Switching a smartphone for a flip phone as an act of surrender doesn’t apply to everyone in their twenties. Like Nelson, 29, and Skylar, 26, who have both been using flip phones, colloquially known as flips, for as long as they can remember. They both dabbled with iPhones in high school but the technology never stuck with them. “I find it frustrating to always be accessible,” said Skylar, who works in graphic design, a field that relies on one's constant availability. “I didn't really want that to become my status quo.”

Nelson, 29, has a Schok Classic Flip, which he bought refurbished. It has a touch screen, chat history, huge buttons built for elderly fingers, and two language options: English and either Hebrew or Yiddish (he believes it was previously kosher). Skylar, 26, has an Alcatel GO Flip. It has all the basic specs and was purchased for $9 at a store on Rue Saint-Hubert as a backup for her then-current Alcatel.

Communication through a flip phone is direct, succinct. The technology itself can lend people to be blunt or unresponsive. Flips have small screens, numeric keypads, slow processing times, and an average lifespan of three years. They’re the birthplace of text abbreviations and most don’t have text message history. “I get shit for my style of texting, which is very terse,” said Nelson. “I don't wanna send any kind of flowery or romantic texts because I so frequently am going to lose all access to all of them. It's not an archive for me.”

Skylar’s Alcatel GO Flip.

For long-time flip phone users, the differences in their day-to-day lives are irrelevant. They had no handheld algorithm to detach from and their friends always knew them to be bad repliers. At one point, people learned to submit to unreachability. “I’m usually a bit behind [on plans], but it's okay. People fill me in,” said Nelson. Skylar agreed with the same serenity: “I like not having the option to do everything. I have no sense of missing out because I didn't get the information. It's quite refreshing.”

To Skylar, owning a flip has subverted her digital communication skills. She was once trapped on a motionless bus next to a woman who was frantically texting her friend about everything happening in the moment. “She was just narrating her entire life to this other person, and that's kind of alien to me,” she explained. “I don't wanna be able to have a thought and send it immediately to someone because it doesn't feel like a real thought.”

That was the exact problem a new user, like Annelies, was trying to escape. Yet sacrificing a part of her social life for a flip phone didn’t last long. “The whole point is that it was gonna make [reaching me] more difficult.

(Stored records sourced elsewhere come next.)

(* For every $e\in\mathrm{Exp}$, $$e\equiv \mathrm{GS}_{\alpha\in\mathrm{At}}\Big(\bigoplus_{d\in\mathrm{supp}(\partial(e)_\alpha)}\partial(e)_\alpha(d)\cdot\exp(d)\Big),$$ where $\exp:\{\mathsf{acc},\mathsf{rej}\}+\mathrm{Out}+\mathrm{Act}\times\mathrm{Exp}\to\mathrm{Exp}$ is given by $\exp(\mathsf{rej})=\mathtt 0$, $\exp(\mathsf{acc})=\mathtt 1$, $\exp(v)=v$ for $v\in\mathrm{Out}$, and $\exp(p,f)=p;f$.
   Context: Fix a finite set $T$ of primitive tests, a set $\mathrm{Act}$ of atomic actions, a set $\mathrm{Out}$ of return values, and a semiring $(S,+,\cdot,0,1)$ that is positive ($x+y=0\Rightarrow x=y=0$), refinement (whenever $x+y=z+w$ there exist $s,t,u,v$ with $s+t=x$, $s+u=z$, $u+v=y$, $t+v=w$) and Conway (with ${}^*:S\to S$ satisfying $(a+b)^*=a^*(ba^* )^*$, $(ab)^*=1+a(ba)^*b$). Tests: $b,c\in\mathrm{BExp}::=\mathtt{0}\mid\mathtt{1}\mid t\ (t\in T)\mid\bar b\mid b+c\mid bc$ ($\mathtt 0,\mathtt 1$ false/true, distinct from semiring $0,1$); $\equiv_{BA}$ is Boolean equivalence; $\mathrm{At}$ is the finite set of atoms of the free Boolean algebra on $T$, atoms also regarded as tests; $\alpha\le b$ means $\alpha$ entails $b$. Expressions: $e,f\in\mathrm{Exp}::= p\in\mathrm{Act}\mid b\in\mathrm{BExp}\mid e+_b f\mid e;f\mid e^{(b)}\mid v\in\mathrm{Out}\mid e\oplus_{r,s} f\ (r,s\in S)$; $\odot r:=\mathtt 1\oplus_{r,0}\mathtt 0$. $\mathcal M_\omega(X)$: finitely supported maps $X\to S$, pointwise operations; $\delta_x$ indicator of $x$; $\mathrm{supp}(\nu)=\{x:\nu(x)\neq0\}$. The derivative $\partial:\mathrm{Exp}\to\mathcal M_\omega(\{\mathsf{acc},\mathsf{rej}\}+\mathrm{Out}+\mathrm{Act}\times\mathrm{Exp})^{\mathrm{At}}$: $\partial(b)_\alpha=\delta_{\mathsf{acc}}$ if $\alpha\le b$, else $\delta_{\mathsf{rej}}$; $\partial(v)_\alpha=\delta_v$; $\partial(p)_\alpha=\delta_{(p,\mathtt 1)}$; $\partial(e+_bf)_\alpha=\partial(e)_\alpha$ if $\alpha\le b$, else $\partial(f)_\alpha$; $\partial(e\oplus_{r,s}f)_\alpha=r\partial(e)_\alpha+s\partial(f)_\alpha$; $\partial(e;f)_\alpha=\sum_x\partial(e)_\alpha(x)c_{\alpha,f}(x)$ with $c_{\alpha,f}(\mathsf{acc})=\partial(f)_\alpha$, $c_{\alpha,f}(x)=\delta_x$ for $x\in\{\mathsf{rej}\}\cup\mathrm{Out}$, $c_{\alpha,f}(p,e')=\delta_{(p,e';f)}$; $\partial(e^{(b)})_\alpha(x)$ is $1$ if $x=\mathsf{acc}$ and $\alpha\le\bar b$; $\partial(e)_\alpha(\mathsf{acc})^*\partial(e)_\alpha(x)$ if $x\in\{\mathsf{rej}\}\cup\mathrm{Out}$ and $\alpha\le b$; $\partial(e)_\alpha(\mathsf{acc})^*\partial(e)_\alpha(p,e')$ if $x=(p,e';e^{(b)})$ and $\alpha\le b$; $0$ otherwise. Generalized guarded sum over $\Phi\subseteq\mathrm{At}$: $\mathrm{GS}_{\alpha\in\emptyset}e_\alpha:=\mathtt 0$ and $\mathrm{GS}_{\alpha\in\Phi}e_\alpha:=e_\gamma+_\gamma\mathrm{GS}_{\alpha\in\Phi\setminus\{\gamma\}}e_\alpha$ for some $\gamma\in\Phi$. Generalized weighted sum: $\bigoplus_{i\in I}r_i\cdot e_i:=e_j\oplus_{r_j,1}\big(\bigoplus_{i\in I\setminus\{j\}}r_i\cdot e_i\big)$ for some $j\in I$, the empty weighted sum being $\odot0$. Both are well defined up to $\equiv$. $E:\mathrm{Exp}\to S^{\mathrm{At}}$: $E(p)_\alpha=E(v)_\alpha=0$; $E(b)_\alpha=1$ if $\alpha\le b$ else $0$; $E(e\oplus_{r,s}f)_\alpha=rE(e)_\alpha+sE(f)_\alpha$; $E(e+_bf)_\alpha=E(e)_\alpha$ if $\alpha\le b$ else $E(f)_\alpha$; $E(e;f)_\alpha=E(e)_\alpha E(f)_\alpha$; $E(e^{(b)})_\alpha=E(\bar b)_\alpha$. The relation $\equiv$ is the smallest congruence on $\mathrm{Exp}$ (tests taken up to $\equiv_{BA}$; sequencing binds tighter than $\oplus$, $\odot$ binds tightest) containing, for all $e,f,g\in\mathrm{Exp}$, tests $b,c$, $v\in\mathrm{Out}$, $r,s,t,u\in S$: (G1) $e+_be\equiv e$; (G2) $e+_bf\equiv b;e+_bf$; (G3) $e+_bf\equiv f+_{\bar b}e$; (G4) $(e+_bf)+_cg\equiv e+_{bc}(f+_cg)$; (D1) $e\oplus_{r,s}(f+_bg)\equiv(e\oplus_{r,s}f)+_b(e\oplus_{r,s}g)$; (D2) $e\oplus_{r,s}(f\oplus_{t,u}g)\equiv e\oplus_{r,1}(f\oplus_{st,su}g)$; (D3) $b;(e\oplus_{r,s}f)\equiv b;(b;e\oplus_{r,s}b;f)$; (S1) $\mathtt 1;e\equiv e\equiv e;\mathtt 1$; (S2) $(e;f);g\equiv e;(f;g)$; (S3) $\mathtt 0;e\equiv\mathtt 0$; (S4) $(e\oplus_{r,s}f);g\equiv e;g\oplus_{r,s}f;g$; (S5) $(e+_bf);g\equiv e;g+_bf;g$; (S6) $v;e\equiv v$; (S7) $b;c\equiv bc$; (L1) $e^{(b)}\equiv e;e^{(b)}+_b\mathtt 1$; (C1) $\odot1\equiv\mathtt 1$; (C2) $\odot0;e\equiv\odot0$; (W1) $e\oplus_{r,s}e\equiv\odot(r+s);e$; (W2) $e\oplus_{r,s}f\equiv f\oplus_{s,r}e$; (W3) $e\oplus_{r,s}(f\oplus_{t,u}g)\equiv(e\oplus_{r,st}f)\oplus_{1,su}g$; (W4) $e\oplus_{ru,s}f\equiv(\odot u;e)\oplus_{r,s}f$; and closed under the rules (L2) if $e\equiv(f\oplus_{r,s}\mathtt 1)+_cg$ then $c;e^{(b)}\equiv c;((\odot(s^*r);f;e^{(b)})+_b\mathtt 1)$; (F1) if $g\equiv e;g+_bf$ and $E(e)_\alpha=0$ for all $\alpha\in\mathrm{At}$ then $g\equiv e^{(b)};f$. *)

theory Defs
  imports Main
begin
(* Let $(x_0,y_0)$ be a pair of integers satisfying $S_{2,1}$. Let $y_{-1}$ and $x_1$ be the real numbers defined by $y_{-1}y_0=x_0^3+x_0+1$ and $x_0x_1=y_0^3+y_0^2+1$. Then $y_{-1},x_1$ are integers, $(y_{-1},x_0)$ satisfies $S_{1,1}$, and $(y_0,x_1)$ satisfies $S_{2,2}$.
   Context: For $\lambda_a,\lambda_b\in\{1,2\}$, a pair of integers $(x,y)$ satisfies the system $S_{\lambda_a,\lambda_b}$ if $x\mid y^3+y^{\lambda_a}+1$ and $y\mid x^3+x^{\lambda_b}+1$. So $S_{1,1}$: $x\mid y^3+y+1,\ y\mid x^3+x+1$; $S_{2,1}$: $x\mid y^3+y^2+1,\ y\mid x^3+x+1$; $S_{2,2}$: $x\mid y^3+y^2+1,\ y\mid x^3+x^2+1$. *)

theory Defs
  imports Complex_Main
begin

definition satisfies_S :: "nat \<Rightarrow> nat \<Rightarrow> int \<Rightarrow> int \<Rightarrow> bool" where
  "satisfies_S la lb x y \<longleftrightarrow> x dvd (y^3 + y^la + 1) \<and> y dvd (x^3 + x^lb + 1)"

end

theory Submission
  imports Defs "HOL-Number_Theory.Cong"
begin

text \<open>If \<open>a y = N\<close> with \<open>N = x^3 + x^\<lambda> + 1 \<equiv> 1 (mod x)\<close>, then
  \<open>y^3 (a^3 + a^\<lambda> + 1) = N^3 + N^\<lambda> y^(3-\<lambda>) + y^3 \<equiv> y^3 + y^(3-\<lambda>) + 1 (mod x)\<close>,
  and \<open>y\<close> is a unit modulo \<open>x\<close>. So \<open>x \<bar> y^3 + y^(3-\<lambda>) + 1\<close> gives \<open>x \<bar> a^3 + a^\<lambda> + 1\<close>:
  the cofactor \<open>y\<^sub>-\<^sub>1\<close> inherits the condition with \<open>\<lambda> = 1\<close> and \<open>x\<^sub>1\<close> with \<open>\<lambda> = 2\<close>.
  Since \<open>t^3 + t^\<lambda> + 1\<close> has no integer root, \<open>x\<^sub>0, y\<^sub>0 \<noteq> 0\<close>, so the real cofactors are the integer ones.\<close>

lemma dvd_power_sum_of_cofactor:
  fixes x y a N :: int
  assumes "k \<le> m" and "a * y = N" and N_cong: "[N = 1] (mod x)"
    and x_dvd: "x dvd y^m + y^(m - k) + 1"
  shows "x dvd a^m + a^k + 1"
proof -
  have y_powers: "y^k * y^(m - k) = y^m"
    using \<open>k \<le> m\<close> by (simp flip: power_add)
  have expand: "y^m * (a^m + a^k + 1) = N^m + N^k * y^(m - k) + y^m"
    using \<open>a * y = N\<close> y_powers
    by (auto simp: power_mult_distrib algebra_simps simp flip: mult.assoc)
  have "[N^m + N^k * y^(m - k) + y^m = 1 + y^(m - k) + y^m] (mod x)"
    using N_cong by (metis cong_add cong_mult cong_pow cong_refl mult_1 power_one)
  moreover have "[1 + y^(m - k) + y^m = 0] (mod x)"
    using x_dvd by (simp add: cong_0_iff ac_simps)
  ultimately have "x dvd y^m * (a^m + a^k + 1)"
    unfolding expand by (meson cong_0_iff cong_trans)
  moreover have "coprime x y"
    using N_cong \<open>a * y = N\<close> coprime_iff_invertible_int
    by (metis coprime_commute mult.commute)
  ultimately show ?thesis
    by (simp add: coprime_dvd_mult_right_iff)
qed

lemma power_add_power_add_one_neq_zero:
  fixes x :: int
  assumes "m > 0" and "k > 0"
  shows "x^m + x^k + 1 \<noteq> 0"
proof
  assume zero: "x^m + x^k + 1 = 0"
  then have "x dvd 1"
    using assms by (metis dvd_add_right_iff dvd_0_right dvd_power dvd_add)
  then have "x = 1 \<or> x = -1"
    by (auto simp: zdvd1_eq abs_if split: if_splits)
  with zero show False
    by (cases "even m"; cases "even k") auto
qed

theorem corollary3:
  fixes x0 y0 :: int and ym1 x1 :: real
  assumes "satisfies_S 2 1 x0 y0"
    and "ym1 * of_int y0 = of_int (x0^3 + x0 + 1)"
    and "of_int x0 * x1 = of_int (y0^3 + y0^2 + 1)"
  shows "\<exists>a b :: int. ym1 = of_int a \<and> x1 = of_int b \<and>
           satisfies_S 1 1 a x0 \<and> satisfies_S 2 2 y0 b"
proof -
  have x0_dvd: "x0 dvd y0^3 + y0^2 + 1" and y0_dvd: "y0 dvd x0^3 + x0^1 + 1"
    using assms(1) unfolding satisfies_S_def by auto
  obtain a where a: "a * y0 = x0^3 + x0 + 1"
    using y0_dvd by (metis dvdE mult.commute power_one_right)
  obtain b where b: "b * x0 = y0^3 + y0^2 + 1"
    using x0_dvd by (metis dvdE mult.commute)
  have "y0 \<noteq> 0" and "x0 \<noteq> 0"
    using a b power_add_power_add_one_neq_zero[of 3 1 x0] power_add_power_add_one_neq_zero[of 3 2 y0]
    by auto
  have "ym1 = of_int a"
    using assms(2) \<open>y0 \<noteq> 0\<close> by (simp flip: a)
  moreover have "x1 = of_int b"
    using assms(3) \<open>x0 \<noteq> 0\<close> by (simp flip: b)
  moreover have "satisfies_S 1 1 a x0"
    using dvd_power_sum_of_cofactor[of 1 3 a y0 "x0^3 + x0 + 1" x0] a x0_dvd
    by (simp add: satisfies_S_def cong_iff_dvd_diff power3_eq_cube) (metis dvd_triv_left)
  moreover have "satisfies_S 2 2 y0 b"
    using dvd_power_sum_of_cofactor[of 2 3 b x0 "y0^3 + y0^2 + 1" y0] b y0_dvd
    by (simp add: satisfies_S_def cong_iff_dvd_diff power3_eq_cube power2_eq_square) (metis dvd_triv_left)
  ultimately show ?thesis by blast
qed

end
(* Let $\Omega\subset\mathbb R^2$ be a convex, open, bounded polygonal domain, $\omega\subset\Omega$ a non-empty open set, $f\in L^2(\Omega)$, $g\in H^{1/2}(\partial\Omega)$, $a_0>0$, $q\in L^2(\omega)$ given, and $a\in C^1(\partial\Omega)$ with $a\ge a_0$. For $\eta$ in a neighborhood $D(Z_a)$ of $0$ in $C^1(\partial\Omega)$ on which it is well defined, let $Z_a(\eta)=z_h^{(a+\eta)}\in V_h$. Then: (i) there exist $\rho>0$ and $C>0$ such that $\|Z_a(\eta_1)-Z_a(\eta_2)\|_{H^1(\Omega)}\le C\|\eta_1-\eta_2\|_{C^1(\partial\Omega)}$ for all $\eta_1\in D(Z_a)$ and all $\eta_2\in D(Z_a)$ with $\|\eta_2\|_{C^1(\partial\Omega)}\le\rho$; (ii) the Fréchet derivative of $Z_a$ at $0$ (as a map into $H^1(\Omega)$) is $Z_a'(0)\eta=\dot z_h^{(a)}$, where $\dot z_h^{(a)}\in V_h$ is the unique solution of $$b_a(\dot z_h^{(a)},v)=\int_\omega\dot u_h^{(a)}v\,dx-\int_{\partial\Omega}\eta\,z_h^{(a)}v\,ds\quad\text{for all }v\in V_h,$$ and $\dot u_h^{(a)}\in V_h$ is the unique solution of $b_a(\dot u_h^{(a)},v)=-\int_{\partial\Omega}\eta\,u_h^{(a)}v\,ds$ for all $v\in V_h$.
   Context: For a Robin parameter $\alpha\in C^1(\partial\Omega)$ define $b_\alpha(u,v)=\int_\Omega\nabla u\cdot\nabla v\,dx+\int_{\partial\Omega}\alpha uv\,ds$ and $\ell_{f,g}(v)=\int_{\partial\Omega}gv\,ds-\int_\Omega fv\,dx$. $\mathcal T_h$ is a triangulation of $\Omega$ into triangles forming a simplicial complex, $h=\max_{K\in\mathcal T_h}\mathrm{diam}(K)$, and $V_h=\{v\in H^1(\Omega): v|_K\in\mathbb P^1\ \forall K\in\mathcal T_h\}$. $u_h^{(\alpha)}\in V_h$ solves $b_\alpha(u_h^{(\alpha)},v)=\ell_{f,g}(v)$ for all $v\in V_h$, and $z_h^{(\alpha)}\in V_h$ solves $b_\alpha(z_h^{(\alpha)},v)=-\int_\omega(q-u_h^{(\alpha)})v\,dx$ for all $v\in V_h$. *)

theory Defs
  imports "HOL-Analysis.Analysis"
begin

type_synonym pt = "real^2"

definition convex_polygonal_domain :: "pt set \<Rightarrow> bool" where
  "convex_polygonal_domain \<Omega> \<longleftrightarrow> open \<Omega> \<and> \<Omega> \<noteq> {} \<and> bounded \<Omega> \<and> convex \<Omega> \<and>
     (\<exists>P. finite P \<and> \<Omega> = interior (convex hull P))"
lemma ratio_tail_tendsto:
  assumes [measurable]: "p \<in> borel_measurable M" "q \<in> borel_measurable M"
    and q_int: "integrable M q" and q_nonneg: "\<And>x. x \<in> space M \<Longrightarrow> 0 \<le> q x"
    and ev: "AE x in M. \<forall>\<^sub>F y in at \<gamma> within S. y * q x < p x \<longleftrightarrow> \<gamma> * q x < p x"
  shows "(ratio_tail M p q \<longlongrightarrow> ratio_tail M p q \<gamma>) (at \<gamma> within S)"
  unfolding ratio_tail_def
proof (rule integral_dominated_convergence_at_within[where w=q])
  show "AE x in M. ((\<lambda>y. if y * q x < p x then q x else 0)
      \<longlongrightarrow> (if \<gamma> * q x < p x then q x else 0)) (at \<gamma> within S)"
    using ev
  proof eventually_elim
    case (elim x)
    then have "\<forall>\<^sub>F y in at \<gamma> within S.
        (if y * q x < p x then q x else 0) = (if \<gamma> * q x < p x then q x else 0)"
      by eventually_elim simp
    then show ?case
      by (rule tendsto_eventually)
  qed
qed (use q_int q_nonneg in auto)

lemma ratio_tail_isCont:
  assumes "p \<in> borel_measurable M" "q \<in> borel_measurable M"
    and "integrable M q" "\<And>x. x \<in> space M \<Longrightarrow> 0 \<le> q x"
    and no_atom: "AE x in M. p x = \<gamma> * q x \<longrightarrow> q x = 0"
  shows "isCont (ratio_tail M p q) \<gamma>"
  unfolding isCont_def
proof (rule ratio_tail_tendsto[OF assms(1-4)])
  show "AE x in M. \<forall>\<^sub>F y in at \<gamma>. y * q x < p x \<longleftrightarrow> \<gamma> * q x < p x"
    using no_atom by eventually_elim (intro eventually_at_mult_less_iff, simp)
qed

lemma ratio_tail_right_continuous:
  assumes "p \<in> borel_measurable M" "q \<in> borel_measurable M"
    and "integrable M q" "\<And>x. x \<in> space M \<Longrightarrow> 0 \<le> q x"
  shows "(ratio_tail M p q \<longlongrightarrow> ratio_tail M p q \<gamma>) (at_right \<gamma>)"
  using assms by (intro ratio_tail_tendsto AE_I2 eventually_at_right_mult_less_iff)

lemma no_real_atoms_E_gamma_has_real_derivative:
  assumes b: "1 < b" and P: "is_prob_density M p" and Q: "is_prob_density M q"
    and atoms: "no_real_atoms b M p q" and \<gamma>: "0 < \<gamma>"
  shows "(E_gamma M p q has_real_derivative - ratio_tail M p q \<gamma>) (at \<gamma>)"
    and "(E_gamma M q p has_real_derivative - ratio_tail M q p \<gamma>) (at \<gamma>)"
proof -
  have "AE x in M. p x = inverse \<gamma> * q x \<longrightarrow> q x = 0"
    using \<gamma> by (intro no_real_atoms_AE_ratio[OF b P Q atoms]) auto
  then have "AE x in M. q x = \<gamma> * p x \<longrightarrow> p x = 0"
    by eventually_elim (use \<gamma> in auto)
  then show "(E_gamma M q p has_real_derivative - ratio_tail M q p \<gamma>) (at \<gamma>)"
    using P Q by (intro E_gamma_has_real_derivative) (auto simp: is_prob_density_def)
  show "(E_gamma M p q has_real_derivative - ratio_tail M p q \<gamma>) (at \<gamma>)"
    using P Q no_real_atoms_AE_ratio[OF b P Q atoms \<gamma>]
    by (intro E_gamma_has_real_derivative) (auto simp: is_prob_density_def)
qed

lemma info_cdf_nonneg_eq_if_E_gamma_eq:
  assumes b: "1 < b"
    and P: "is_prob_density M p" and Q: "is_prob_density M q" and atoms: "no_real_atoms b M p q"
    and P': "is_prob_density M' p'" and Q': "is_prob_density M' q'" and atoms': "no_real_atoms b M' p' q'"
    and E: "\<And>\<gamma>. 1 \<le> \<gamma> \<Longrightarrow> E_gamma M' p' q' \<gamma> = E_gamma M p q \<gamma>"
    and t: "0 \<le> t"
  shows "info_cdf b M' p' q' t = info_cdf b M p q t"
proof -
  have tail: "ratio_tail M' p' q' \<gamma> = ratio_tail M p q \<gamma>" if "1 < \<gamma>" for \<gamma>
  proof -
    have "- ratio_tail M' p' q' \<gamma> = - ratio_tail M p q \<gamma>"
    proof (rule DERIV_unique_on_open[where S="{1<..}"])
      show "(E_gamma M' p' q' has_real_derivative - ratio_tail M' p' q' \<gamma>) (at \<gamma>)"
        using that by (intro no_real_atoms_E_gamma_has_real_derivative(1)[OF b P' Q' atoms']) simp
      show "(E_gamma M p q has_real_derivative - ratio_tail M p q \<gamma>) (at \<gamma>)"
        using that by (intro no_real_atoms_E_gamma_has_real_derivative(1)[OF b P Q atoms]) simp
    qed (use that E in auto)
    then show ?thesis
      by simp
  qed
  \<comment> \<open>\<open>E_gamma\<close> need not be differentiable at \<open>1\<close>; right-continuity of the tail covers it.\<close>
  moreover have "ratio_tail M' p' q' 1 = ratio_tail M p q 1"
  proof (rule right_continuous_eq[of "ratio_tail M' p' q'" 1 "ratio_tail M p q"])
    show "(ratio_tail M' p' q' \<longlongrightarrow> ratio_tail M' p' q' 1) (at_right 1)"
      using P' Q' by (intro ratio_tail_right_continuous) (auto simp: is_prob_density_def)
    show "(ratio_tail M p q \<longlongrightarrow> ratio_tail M p q 1) (at_right 1)"
      using P Q by (intro ratio_tail_right_continuous) (auto simp: is_prob_density_def)
  qed (rule tail)
  ultimately have tail_ge_1: "ratio_tail M' p' q' \<gamma> = ratio_tail M p q \<gamma>" if "1 \<le> \<gamma>" for \<gamma>
    using that by (cases "\<gamma> = 1") auto
  define \<gamma> where "\<gamma> = b powr t"
  have \<gamma>: "1 \<le> \<gamma>" "t = log b \<gamma>"
    using b t by (simp_all add: \<gamma>_def ge_one_powr_ge_zero)
  show ?thesis
    using info_cdf_log_eq[OF b P Q, of \<gamma>] info_cdf_log_eq[OF b P' Q', of \<gamma>] \<gamma> E[OF \<gamma>(1)] tail_ge_1[OF \<gamma>(1)]
    by simp
qed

But then it worked a little too well,” she said. “I avoided responding because of the time that it takes to respond,” she confessed.

Annelies got her flip after her iPhone was stolen at a bar and saw it as a sign from the universe to diminish her screen time. She briefly spent the following month phoneless—no smartphone, or flip phone—until she went back to school and needed a device for two-factor-authentication. She communicated through the flip phone for a month until her friend offered her their old iPhone. Unable to refuse the generous gift, she now calls herself a part-time flip phone user, carrying the iPhone around, just in case. And to use Apple Pay. So far, being between an iPhone and flip phone is not the most ideal situation, she admitted. “You kind of get the worst of both worlds in a way.”

In the end, a flip phone user’s communication style comes down to their personality, as they all still spend time online. Marcel, Annelies, and Skylar all have Instagram, and Nelson has X and Discord. Though their screen times vary. “I spend catastrophic amounts of time on my laptop,” admitted Nelson. “I don't think it's really deeply changed me except that I just don't have access to the internet when I'm out,” said Marcel, who keeps an iPad at home. They might not be reachable when they’re outside, but inside, they’re definitely lurking on the same feeds.